lemma eventually_level_set_block_ge:
  fixes \<phi> :: "real^'n::finite \<Rightarrow> complex" and m :: nat and \<beta> \<epsilon> :: real
  assumes "x \<in> level_set \<phi> \<psi> \<beta> f" and "0 < \<epsilon>" "1 \<le> m" "\<epsilon> * (2 * m + 2) \<le> \<bar>\<beta>\<bar>"
  shows "\<forall>\<^sub>F n in sequentially.
           2 powr ((\<beta> - \<epsilon>) * (m + 1) * n) / 2 \<le> norm (\<Sum>l\<in>{m * n..<m * n + n}. Qop \<psi> f l x)"
proof -
  let ?Q = "\<lambda>l. Qop \<psi> f l x"
  have block: "(\<Sum>l<m * n + n. ?Q l) - (\<Sum>l<m * n. ?Q l) = (\<Sum>l\<in>{m * n..<m * n + n}. ?Q l)" for n
    using sum_diff_nat_ivl[of 0 "m * n" "m * n + n" ?Q] by (simp add: atLeast0LessThan)
  consider "0 < \<beta>" | "\<beta> < 0" | "\<beta> = 0" by linarith
  then show ?thesis
  proof cases
    case 1
    with assms(1) have "\<forall>\<^sub>F j in sequentially. Pop \<phi> \<psi> f j x \<noteq> 0"
      and "((\<lambda>j. log 2 (norm (Pop \<phi> \<psi> f j x)) / real j) \<longlongrightarrow> \<beta>) sequentially"
      by (auto simp: level_set_def)
    from eventually_block_increment_ge[OF this assms(2-4)] show ?thesis
      by (simp add: Pop_def block)
  next
    case 2
    with assms(1) have "convergent (\<lambda>j. Pop \<phi> \<psi> f j x)"
      and "\<forall>\<^sub>F j in sequentially. Rop \<psi> f j x \<noteq> 0"
      and "((\<lambda>j. log 2 (norm (Rop \<psi> f j x)) / real j) \<longlongrightarrow> \<beta>) sequentially"
      by (auto simp: level_set_def)
    from \<open>convergent _\<close> have "summable ?Q"
      by (simp add: Pop_def summable_iff_convergent convergent_add_const_iff)
    then have Rop_eq: "Rop \<psi> f j x = suminf ?Q - (\<Sum>l<j. ?Q l)" for j
      unfolding Rop_def using suminf_minus_initial_segment[of ?Q j] by (simp add: add.commute)
    from eventually_block_increment_ge[OF \<open>\<forall>\<^sub>F j in _. _\<close> \<open>(_ \<longlongrightarrow> _) _\<close> assms(2-4)]
    show ?thesis
      by (simp add: Rop_eq block[symmetric] norm_minus_commute)
  next
    case 3
    have "0 < \<epsilon> * (2 * m + 2)"
      using assms(2) by simp
    with assms(4) 3 show ?thesis by simp
  qed
qed

section \<open>Covering the level sets\<close>

lemma powr_quotient_le_powr:
  fixes \<kappa> \<tau> \<eta> :: real and l m n M :: nat
  assumes "m * n \<le> l" "1 \<le> m" "\<bar>\<kappa>\<bar> + \<bar>\<tau>\<bar> \<le> \<eta> * M"
  shows "2 powr (\<kappa> * l) / (2 powr (\<eta> * l)) ^ M \<le> 2 powr (\<tau> * n)"
proof -
  have "n \<le> l"
    using assms(1,2) by (metis le_trans mult_1 mult_le_mono1)
  have "(\<kappa> - \<eta> * M) * l \<le> - \<bar>\<tau>\<bar> * l"
    using assms(3) by (intro mult_right_mono) auto
  also have "\<dots> \<le> - \<bar>\<tau>\<bar> * n"
    using \<open>n \<le> l\<close> by (simp add: mult_left_mono)
  also have "\<dots> \<le> \<tau> * n"
    by (intro mult_right_mono) auto
  finally have "(\<kappa> - \<eta> * M) * l \<le> \<tau> * n" .
  moreover have "2 powr (\<kappa> * l) / (2 powr (\<eta> * l)) ^ M = 2 powr ((\<kappa> - \<eta> * M) * l)"
    by (simp add: powr_power powr_diff algebra_simps)
  ultimately show ?thesis by simp
qed

text \<open>The condition on \<open>k\<close> says that the dyadic cube \<open>(l, k)\<close> lies within distance about
  \<open>2 powr ((\<eta> - 1) l)\<close> of \<open>x\<close>.\<close>
definition large_coef_nearby ::
    "(nat \<Rightarrow> real^'n::finite \<Rightarrow> complex) \<Rightarrow> (real^'n \<Rightarrow> complex) \<Rightarrow> real \<Rightarrow> real \<Rightarrow> nat \<Rightarrow> nat \<Rightarrow> real^'n \<Rightarrow> bool"
  where
  "large_coef_nearby \<psi> f \<eta> \<tau> m n x \<longleftrightarrow>
     (\<exists>l\<in>{m * n..<m * n + n}. \<exists>i\<in>wav_idx TYPE('n). \<exists>k.
        infnorm ((2::real) ^ l *\<^sub>R x - ivec k) \<le> 2 powr (\<eta> * l) \<and> 2 powr (\<tau> * n) \<le> norm (wav_coef \<psi> f i l k))"

lemma norm_Qop_le_if_no_large_coef_nearby:
  fixes \<psi> :: "nat \<Rightarrow> real^'n::finite \<Rightarrow> complex" and l m n M :: nat and C \<kappa> \<tau> \<eta> :: real
  assumes decay: "\<And>i z. i \<in> wav_idx TYPE('n) \<Longrightarrow>
      norm (\<psi> i z) \<le> C * (1 + infnorm z) powr - real (2 * CARD('n) + M)"
    and coef: "\<And>i l k. i \<in> wav_idx TYPE('n) \<Longrightarrow> norm (wav_coef \<psi> f i l k) \<le> B * 2 powr (\<kappa> * l)"
    and "0 \<le> B" "1 \<le> m" "\<bar>\<kappa>\<bar> + \<bar>\<tau>\<bar> \<le> \<eta> * M"
    and l: "l \<in> {m * n..<m * n + n}" and "\<not> large_coef_nearby \<psi> f \<eta> \<tau> m n x"
  shows "norm (Qop \<psi> f l x) \<le> \<bar>card (wav_idx TYPE('n)) * C * 24 ^ CARD('n)\<bar> * ((1 + B) * 2 powr (\<tau> * n))"
proof -
  define T where "T = 2 powr (\<tau> * n)"
  define R where "R = 2 powr (\<eta> * l)"
  define K where "K = card (wav_idx TYPE('n)) * C * 24 ^ CARD('n)"
  have near: "norm (wav_coef \<psi> f i l k) < T"
    if "i \<in> wav_idx TYPE('n)" "infnorm ((2::real) ^ l *\<^sub>R x - ivec k) \<le> R" for i k
    using assms(7) l that unfolding large_coef_nearby_def T_def R_def by force
  have "norm (Qop \<psi> f l x) \<le> card (wav_idx TYPE('n)) * (C * (T + B * 2 powr (\<kappa> * l) / R ^ M) * 24 ^ CARD('n))"
    by (intro norm_Qop_le decay coef near) (auto simp: T_def R_def)
  also have "\<dots> = K * (T + B * (2 powr (\<kappa> * l) / R ^ M))"
    by (simp add: K_def)
  also have "\<dots> \<le> \<bar>K\<bar> * (T + B * T)"
  proof (rule mult_mono)
    have "2 powr (\<kappa> * l) / R ^ M \<le> T"
      unfolding T_def R_def using l assms(4,5) by (intro powr_quotient_le_powr) auto
    then show "T + B * (2 powr (\<kappa> * l) / R ^ M) \<le> T + B * T"
      using \<open>0 \<le> B\<close> by (intro add_left_mono mult_left_mono)
  qed (use \<open>0 \<le> B\<close> in \<open>auto simp: T_def R_def\<close>)
  finally show ?thesis
    by (simp add: K_def T_def algebra_simps)
qed

lemma eventually_large_coef_nearby:
  fixes \<psi> :: "nat \<Rightarrow> real^'n::finite \<Rightarrow> complex" and m M :: nat and C \<kappa> \<eta> \<beta> \<epsilon> :: real
  assumes x: "x \<in> level_set \<phi> \<psi> \<beta> f"
    and decay: "\<And>i z. i \<in> wav_idx TYPE('n) \<Longrightarrow>
      norm (\<psi> i z) \<le> C * (1 + infnorm z) powr - real (2 * CARD('n) + M)"
    and coef: "\<And>i l k. i \<in> wav_idx TYPE('n) \<Longrightarrow> norm (wav_coef \<psi> f i l k) \<le> B * 2 powr (\<kappa> * l)"
    and "0 \<le> B" "0 < \<epsilon>" "1 \<le> m" "\<epsilon> * (2 * m + 2) \<le> \<bar>\<beta>\<bar>"
    and "\<bar>\<kappa>\<bar> + \<bar>(\<beta> - 2 * \<epsilon>) * (m + 1)\<bar> \<le> \<eta> * M"
  shows "\<forall>\<^sub>F n in sequentially. large_coef_nearby \<psi> f \<eta> ((\<beta> - 2 * \<epsilon>) * (m + 1)) m n x"
proof -
  define \<tau> where "\<tau> = (\<beta> - 2 * \<epsilon>) * (m + 1)"
  define K where "K = \<bar>card (wav_idx TYPE('n)) * C * 24 ^ CARD('n)\<bar>"
  define c where "c = \<epsilon> * (m + 1)"
  have "0 < c" using \<open>0 < \<epsilon>\<close> by (simp add: c_def)
  then have "(\<lambda>n::nat. 2 * K * (1 + B) * n / 2 powr (c * n)) \<longlonglongrightarrow> 0"
    by real_asymp
  then have "\<forall>\<^sub>F n in sequentially. 2 * K * (1 + B) * n / 2 powr (c * n) < 1"
    by (rule order_tendstoD) simp
  moreover note eventually_level_set_block_ge[OF x assms(5-7)]
  moreover note eventually_ge_at_top[of 1]
  ultimately show ?thesis
  proof eventually_elim
    case (elim n)
    show ?case
    proof (rule ccontr)
      assume "\<not> ?case"
      obtain l where l: "l \<in> {m * n..<m * n + n}"
        and "2 powr ((\<beta> - \<epsilon>) * (m + 1) * n) / 2 / n \<le> norm (Qop \<psi> f l x)"
        using exists_norm_ge_average[OF \<open>1 \<le> n\<close> elim(2)] by blast
      note this(2)
      also have "\<dots> \<le> K * ((1 + B) * 2 powr (\<tau> * n))"
        unfolding K_def \<tau>_def
        by (rule norm_Qop_le_if_no_large_coef_nearby[OF decay coef])
          (use assms(4,6,8) l \<open>\<not> ?case\<close> in auto)
      also have "\<dots> < 2 powr (\<tau> * n) * 2 powr (c * n) / 2 / n"
      proof -
        have "2 * K * (1 + B) * n < 2 powr (c * n)"
          using elim(1) by (simp add: field_simps)
        then have "2 * K * (1 + B) * n * 2 powr (\<tau> * n) < 2 powr (c * n) * 2 powr (\<tau> * n)"
          by (rule mult_strict_right_mono) simp
        with \<open>1 \<le> n\<close> show ?thesis
          by (simp add: field_simps)
      qed
      also have "2 powr (\<tau> * n) * 2 powr (c * n) = 2 powr ((\<beta> - \<epsilon>) * (m + 1) * n)"
        by (simp add: \<tau>_def c_def algebra_simps flip: powr_add)
      finally show False by simp
    qed
  qed
qed

lemma dist_dyadic_point_le:
  fixes x :: "real^'n::finite" and \<eta> :: real and l m n :: nat
  assumes "infnorm ((2::real) ^ l *\<^sub>R x - ivec k) \<le> 2 powr (\<eta> * l)" "\<eta> \<le> 1" "m * n \<le> l"
  shows "dist (inverse ((2::real) ^ l) *\<^sub>R ivec k) x \<le> sqrt CARD('n) * 2 powr (- ((1 - \<eta>) * m) * n)"
proof -
  have "x - inverse ((2::real) ^ l) *\<^sub>R ivec k = inverse ((2::real) ^ l) *\<^sub>R ((2::real) ^ l *\<^sub>R x - ivec k)"
    by (simp add: algebra_simps)
  then have "dist (inverse ((2::real) ^ l) *\<^sub>R ivec k) x = inverse (2 ^ l) * norm ((2::real) ^ l *\<^sub>R x - ivec k)"
    by (simp add: dist_norm norm_minus_commute)
  also have "\<dots> \<le> inverse (2 ^ l) * (sqrt CARD('n) * 2 powr (\<eta> * l))"
  proof (rule mult_left_mono)
    have "norm ((2::real) ^ l *\<^sub>R x - ivec k) \<le> sqrt CARD('n) * infnorm ((2::real) ^ l *\<^sub>R x - ivec k)"
      using norm_le_infnorm[of "(2::real) ^ l *\<^sub>R x - ivec k"] by simp
    with assms(1) show "norm ((2::real) ^ l *\<^sub>R x - ivec k) \<le> sqrt CARD('n) * 2 powr (\<eta> * l)"
      by (meson mult_left_mono order_trans real_sqrt_ge_zero of_nat_0_le_iff)
  qed simp
  also have "\<dots> = sqrt CARD('n) * 2 powr ((\<eta> - 1) * l)"
    by (simp add: powr_realpow[symmetric] powr_minus[symmetric] algebra_simps flip: powr_add)
  also have "\<dots> \<le> sqrt CARD('n) * 2 powr (- ((1 - \<eta>) * m) * n)"
  proof -
    have "(\<eta> - 1) * l \<le> (\<eta> - 1) * (m * n)"
      using assms(2,3) by (intro mult_left_mono_neg) (auto simp flip: of_nat_mult)
    then show ?thesis
      by (simp add: algebra_simps)
  qed
  finally show ?thesis .
qed
lemma gram_commutes_with_line:
  obtains d where "diag_commutator (ycoord - d *\<^sub>R xcoord) gram = 0"
proof -
  obtain d r where r: "degree_le2 r" "M *v axis MYYY 1 = M *v (r + d *\<^sub>R axis MXYY 1)"
    by (rule YYY_column_reduction)
  let ?e = "axis MXYY 1 :: real^mon3" and ?l = "ycoord - d *\<^sub>R xcoord"
  have "diag_commutator ?l gram = 0"
  proof (rule skew_matrix_eq_0)
    show "diag_commutator ?l gram $ i $ j = - diag_commutator ?l gram $ j $ i" for i j
      by (rule diag_commutator_skew[OF gram_symmetric])
    show "\<exists>u\<in>ev ` Collect degree_le2. \<exists>t. v = u + t *\<^sub>R ev ?e" for v
      by (rule ev_decomp[of v]) blast
    show "u \<bullet> (diag_commutator ?l gram *v w) = 0"
      if "u \<in> ev ` Collect degree_le2" "w \<in> ev ` Collect degree_le2" for u w
      using that gram_commutator_quadratic[of _ _ "- d" 1] by auto
    show "u \<bullet> (diag_commutator ?l gram *v ev ?e) = 0" if u: "u \<in> ev ` Collect degree_le2" for u
    proof -
      obtain f where f: "degree_le2 f" "u = ev f"
        using u by blast
      have "?l * ev f = ev (times_y f - d *\<^sub>R times_x f)"
        using f(1) by (simp add: linear_diff[OF linear_ev] linear_scale[OF linear_ev] ev_times_x
            ev_times_y vec_eq_iff algebra_simps)
      then show ?thesis
        using f XYY_times_line[OF r]
        by (simp add: inner_diag_commutator moment_form_eq_gram[symmetric])
    qed
  qed
  then show thesis
    by (rule that)
qed

lemma quadratic_image_hyperplane:
  obtains n :: "real^'p" where "n \<noteq> 0" "\<And>v. n \<bullet> v = 0 \<longleftrightarrow> (\<exists>g. degree_le2 g \<and> v = ev g)"
proof -
  let ?U = "ev ` Collect degree_le2" and ?e = "ev (axis MXYY 1)"
  have "subspace ?U"
    by (intro linear_subspace_image[OF linear_ev]) (auto simp: subspace_def degree_le2_def)
  moreover have "?e \<notin> ?U"
    using ev_XYY_not_quadratic by blast
  ultimately have "dim ?U < DIM(real^'p)"
    using dim_subset_UNIV[of ?U] dim_eq_full[of ?U] span_eq_iff[of ?U] by (metis UNIV_I le_neq_trans)
  then obtain n where n: "n \<noteq> 0" "\<And>y. y \<in> span ?U \<Longrightarrow> orthogonal n y"
    using orthogonal_to_subspace_exists by blast
  then have ortho: "n \<bullet> ev g = 0" if "degree_le2 g" for g
    using that by (auto simp: orthogonal_def span_base)
  have n_e: "n \<bullet> ?e \<noteq> 0"
  proof
    assume "n \<bullet> ?e = 0"
    obtain g t where "degree_le2 g" "n = ev g + t *\<^sub>R ?e"
      by (rule ev_decomp)
    then have "n \<bullet> n = 0"
      using ortho \<open>n \<bullet> ?e = 0\<close> by (simp add: inner_add_right)
    then show False
      using n(1) by simp
  qed
  have "n \<bullet> v = 0 \<longleftrightarrow> (\<exists>g. degree_le2 g \<and> v = ev g)" for v
  proof
    assume "n \<bullet> v = 0"
    obtain g t where g: "degree_le2 g" "v = ev g + t *\<^sub>R ?e"
      by (rule ev_decomp)
    then have "t = 0"
      using ortho \<open>n \<bullet> v = 0\<close> n_e by (simp add: inner_add_right)
    then show "\<exists>g. degree_le2 g \<and> v = ev g"
      using g by auto
  qed (auto simp: ortho)
  with n(1) show thesis
    by (rule that)
qed

lemma card_points_on_line_le: "card {k. ycoord $ k - d * xcoord $ k = c} \<le> 3"
proof -
  let ?K = "{k. ycoord $ k - d * xcoord $ k = c}"
  have "finite (variety M)"
    by (simp add: variety_eq_range)
  have "card ?K = card (pts ` ?K)"
    using pts_bij by (simp add: card_image bij_betw_def inj_on_def)
  also have "\<dots> \<le> card {z \<in> variety M. snd z = d * fst z + c}"
    using \<open>finite (variety M)\<close>
    by (intro card_mono) (auto simp: variety_eq_range xcoord_def ycoord_def)
  also have "\<dots> \<le> 3"
    by (rule card_variety_on_line_le[OF \<open>finite (variety M)\<close>])
  finally show ?thesis .
qed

------------------------------------

=== Brief ===
Find the line with "l)\<close> of \<open>x\<close>.\<close>" in the material above. Reproduce it and each line after it up to and including the line with "n x \<longleftrightarrow>".

=== Finished exercise ===
  \<open>2 powr ((\<eta> - 1) l)\<close> of \<open>x\<close>.\<close>
definition large_coef_nearby ::
    "(nat \<Rightarrow> real^'n::finite \<Rightarrow> complex) \<Rightarrow> (real^'n \<Rightarrow> complex) \<Rightarrow> real \<Rightarrow> real \<Rightarrow> nat \<Rightarrow> nat \<Rightarrow> real^'n \<Rightarrow> bool"
  where
  "large_coef_nearby \<psi> f \<eta> \<tau> m n x \<longleftrightarrow>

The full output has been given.